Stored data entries
==================================================
(* Let $N_x,N_y\ge3$, $\Delta x,\Delta y>0$, $\ell>0$. Consider the grid points $(i,j)$, $1\le i\le N_x$, $1\le j\le N_y$, with neighbor relation $(i,j)\sim(i',j')$ iff $|i-i'|+|j-j'|=1$; let $I$ be the set of interior points ($1<i<N_x$, $1<j<N_y$), $B_c$ the four corner points, and $B$ the remaining (non-corner) boundary points. Let positive numbers $D_{\frac{i+i'}{2},\frac{j+j'}{2}}>0$ be given for every neighboring pair, and numbers $\sigma_{i,j}\ge0$ for every grid point. With the index map $\mathcal I(i,j)=(i-1)N_y+j$, define the $N_xN_y\times N_xN_y$ matrix $\mathbf L$ by (writing $w_2(i,j;i',j')=|i-i'|\Delta x^2+|j-j'|\Delta y^2$ and $w_1(i,j;i',j')=|i-i'|\Delta x+|j-j'|\Delta y$, and $D'=D_{\frac{i+i'}{2},\frac{j+j'}{2}}$, $\tilde D=D_{\frac{i+\tilde i}{2},\frac{j+\tilde j}{2}}$): \begin{itemize} \item for $(i,j)\in I$: $\mathbf L_{\mathcal I(i,j),\mathcal I(i,j)}=\sum_{(\tilde i,\tilde j)\sim(i,j)}\tilde D/w_2(i,j;\tilde i,\tilde j)+\sigma_{i,j}$ and $\mathbf L_{\mathcal I(i,j),\mathcal I(i',j')}=-D'/w_2(i,j;i',j')$ for $(i',j')\sim(i,j)$; \item for $(i,j)\in B$: $\mathbf L_{\mathcal I(i,j),\mathcal I(i,j)}=1+\ell\sum_{(\tilde i,\tilde j)\in I,\,(\tilde i,\tilde j)\sim(i,j)}\tilde D/w_1(i,j;\tilde i,\tilde j)$ and $\mathbf L_{\mathcal I(i,j),\mathcal I(i',j')}=-\ell D'/w_1(i,j;i',j')$ for $(i',j')\in I$, $(i',j')\sim(i,j)$; \item for $(i,j)\in B_c$: $\mathbf L_{\mathcal I(i,j),\mathcal I(i,j)}=1+\frac{\sqrt2\ell}{2}\sum_{(\tilde i,\tilde j)\sim(i,j)}\tilde D/w_1(i,j;\tilde i,\tilde j)$ and $\mathbf L_{\mathcal I(i,j),\mathcal I(i',j')}=-\frac{\sqrt2\ell}{2}D'/w_1(i,j;i',j')$ for $(i',j')\sim(i,j)$; \item all other entries are $0$. \end{itemize} Then $\mathbf L$ is a weakly chained diagonally dominant (WCDD) matrix.
   Context: $\mathbf L$ is the staggered-grid finite difference matrix discretizing $-\nabla\cdot D\nabla u+\sigma_a u$ on $[x_1,x_{N_x}]\times[y_1,y_{N_y}]$ with the Robin condition $u+\ell\nu\cdot D\nabla u$ on the boundary (isotropic $D$ evaluated at edge midpoints). For a square matrix $A=(A_{kl})$, row $k$ is weakly diagonally dominant (WDD) if $|A_{kk}|\ge\sum_{l\ne k}|A_{kl}|$ and strictly diagonally dominant (SDD) if the inequality is strict; $A$ is WDD if all rows are WDD. $A$ is weakly chained diagonally dominant (WCDD) if $A$ is WDD and for each row $k$ that is not SDD there exist indices $k_1,\dots,k_p$ and $l$ such that $A_{kk_1},A_{k_1k_2},\dots,A_{k_{p-1}k_p},A_{k_pl}$ are all nonzero and row $l$ is SDD. *)

theory Defs
  imports Complex_Main
begin

definition row_WDD :: "(nat \<Rightarrow> nat \<Rightarrow> real) \<Rightarrow> nat set \<Rightarrow> nat \<Rightarrow> bool" where
  "row_WDD A S k \<longleftrightarrow> \<bar>A k k\<bar> \<ge> (\<Sum>l\<in>S - {k}. \<bar>A k l\<bar>)"

definition row_SDD :: "(nat \<Rightarrow> nat \<Rightarrow> real) \<Rightarrow> nat set \<Rightarrow> nat \<Rightarrow> bool" where
  "row_SDD A S k \<longleftrightarrow> \<bar>A k k\<bar> > (\<Sum>l\<in>S - {k}. \<bar>A k l\<bar>)"

definition WDD :: "(nat \<Rightarrow> nat \<Rightarrow> real) \<Rightarrow> nat set \<Rightarrow> bool" where
  "WDD A S \<longleftrightarrow> (\<forall>k\<in>S. row_WDD A S k)"

definition WCDD :: "(nat \<Rightarrow> nat \<Rightarrow> real) \<Rightarrow> nat set \<Rightarrow> bool" where
  "WCDD A S \<longleftrightarrow> WDD A S \<and>
     (\<forall>k\<in>S. \<not> row_SDD A S k \<longrightarrow>
        (\<exists>ps :: nat list. length ps \<ge> 2 \<and> hd ps = k \<and> set ps \<subseteq> S \<and>
           (\<forall>i. i + 1 < length ps \<longrightarrow> A (ps ! i) (ps ! (i + 1)) \<noteq> 0) \<and>
           row_SDD A S (last ps)))"

definition grid :: "nat \<Rightarrow> nat \<Rightarrow> (nat \<times> nat) set" where
  "grid Nx Ny = {1..Nx} \<times> {1..Ny}"

definition nbr :: "nat \<times> nat \<Rightarrow> nat \<times> nat \<Rightarrow> bool" where
  "nbr p q \<longleftrightarrow> \<bar>int (fst p) - int (fst q)\<bar> + \<bar>int (snd p) - int (snd q)\<bar> = 1"

definition interior :: "nat \<Rightarrow> nat \<Rightarrow> (nat \<times> nat) set" where
  "interior Nx Ny = {1<..<Nx} \<times> {1<..<Ny}"

definition corners :: "nat \<Rightarrow> nat \<Rightarrow> (nat \<times> nat) set" where
  "corners Nx Ny = {(1,1), (1,Ny), (Nx,1), (Nx,Ny)}"

definition bdry :: "nat \<Rightarrow> nat \<Rightarrow> (nat \<times> nat) set" where
  "bdry Nx Ny = grid Nx Ny - interior Nx Ny - corners Nx Ny"

definition w2 :: "real \<Rightarrow> real \<Rightarrow> nat \<times> nat \<Rightarrow> nat \<times> nat \<Rightarrow> real" where
  "w2 dx dy p q = real (nat \<bar>int (fst p) - int (fst q)\<bar>) * dx\<^sup>2
                 + real (nat \<bar>int (snd p) - int (snd q)\<bar>) * dy\<^sup>2"

definition w1 :: "real \<Rightarrow> real \<Rightarrow> nat \<times> nat \<Rightarrow> nat \<times> nat \<Rightarrow> real" where
  "w1 dx dy p q = real (nat \<bar>int (fst p) - int (fst q)\<bar>) * dx
                 + real (nat \<bar>int (snd p) - int (snd q)\<bar>) * dy"

definition Dmid :: "(real \<Rightarrow> real \<Rightarrow> real) \<Rightarrow> nat \<times> nat \<Rightarrow> nat \<times> nat \<Rightarrow> real" where
  "Dmid D p q = D ((real (fst p) + real (fst q)) / 2) ((real (snd p) + real (snd q)) / 2)"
==================================================
> **Description of the task**: Lines from the one containing "(\<forall>k\<in>S. \<not> row_SDD" through the final line of the entries are the only ones to print, and each must match exactly.

> **Your response**:
     (\<forall>k\<in>S. \<not> row_SDD A S k \<longrightarrow>
        (\<exists>ps :: nat list. length ps \<ge> 2 \<and> hd ps = k \<and> set ps \<subseteq> S \<and>
           (\<forall>i. i + 1 < length ps \<longrightarrow> A (ps ! i) (ps ! (i + 1)) \<noteq> 0) \<and>
           row_SDD A S (last ps)))"

definition grid :: "nat \<Rightarrow> nat \<Rightarrow> (nat \<times> nat) set" where
  "grid Nx Ny = {1..Nx} \<times> {1..Ny}"

definition nbr :: "nat \<times> nat \<Rightarrow> nat \<times> nat \<Rightarrow> bool" where
  "nbr p q \<longleftrightarrow> \<bar>int (fst p) - int (fst q)\<bar> + \<bar>int (snd p) - int (snd q)\<bar> = 1"

definition interior :: "nat \<Rightarrow> nat \<Rightarrow> (nat \<times> nat) set" where
  "interior Nx Ny = {1<..<Nx} \<times> {1<..<Ny}"

definition corners :: "nat \<Rightarrow> nat \<Rightarrow> (nat \<times> nat) set" where
  "corners Nx Ny = {(1,1), (1,Ny), (Nx,1), (Nx,Ny)}"

definition bdry :: "nat \<Rightarrow> nat \<Rightarrow> (nat \<times> nat) set" where
  "bdry Nx Ny = grid Nx Ny - interior Nx Ny - corners Nx Ny"

definition w2 :: "real \<Rightarrow> real \<Rightarrow> nat \<times> nat \<Rightarrow> nat \<times> nat \<Rightarrow> real" where
  "w2 dx dy p q = real (nat \<bar>int (fst p) - int (fst q)\<bar>) * dx\<^sup>2
                 + real (nat \<bar>int (snd p) - int (snd q)\<bar>) * dy\<^sup>2"

definition w1 :: "real \<Rightarrow> real \<Rightarrow> nat \<times> nat \<Rightarrow> nat \<times> nat \<Rightarrow> real" where
  "w1 dx dy p q = real (nat \<bar>int (fst p) - int (fst q)\<bar>) * dx
                 + real (nat \<bar>int (snd p) - int (snd q)\<bar>) * dy"

definition Dmid :: "(real \<Rightarrow> real \<Rightarrow> real) \<Rightarrow> nat \<times> nat \<Rightarrow> nat \<times> nat \<Rightarrow> real" where
  "Dmid D p q = D ((real (fst p) + real (fst q)) / 2) ((real (snd p) + real (snd q)) / 2)"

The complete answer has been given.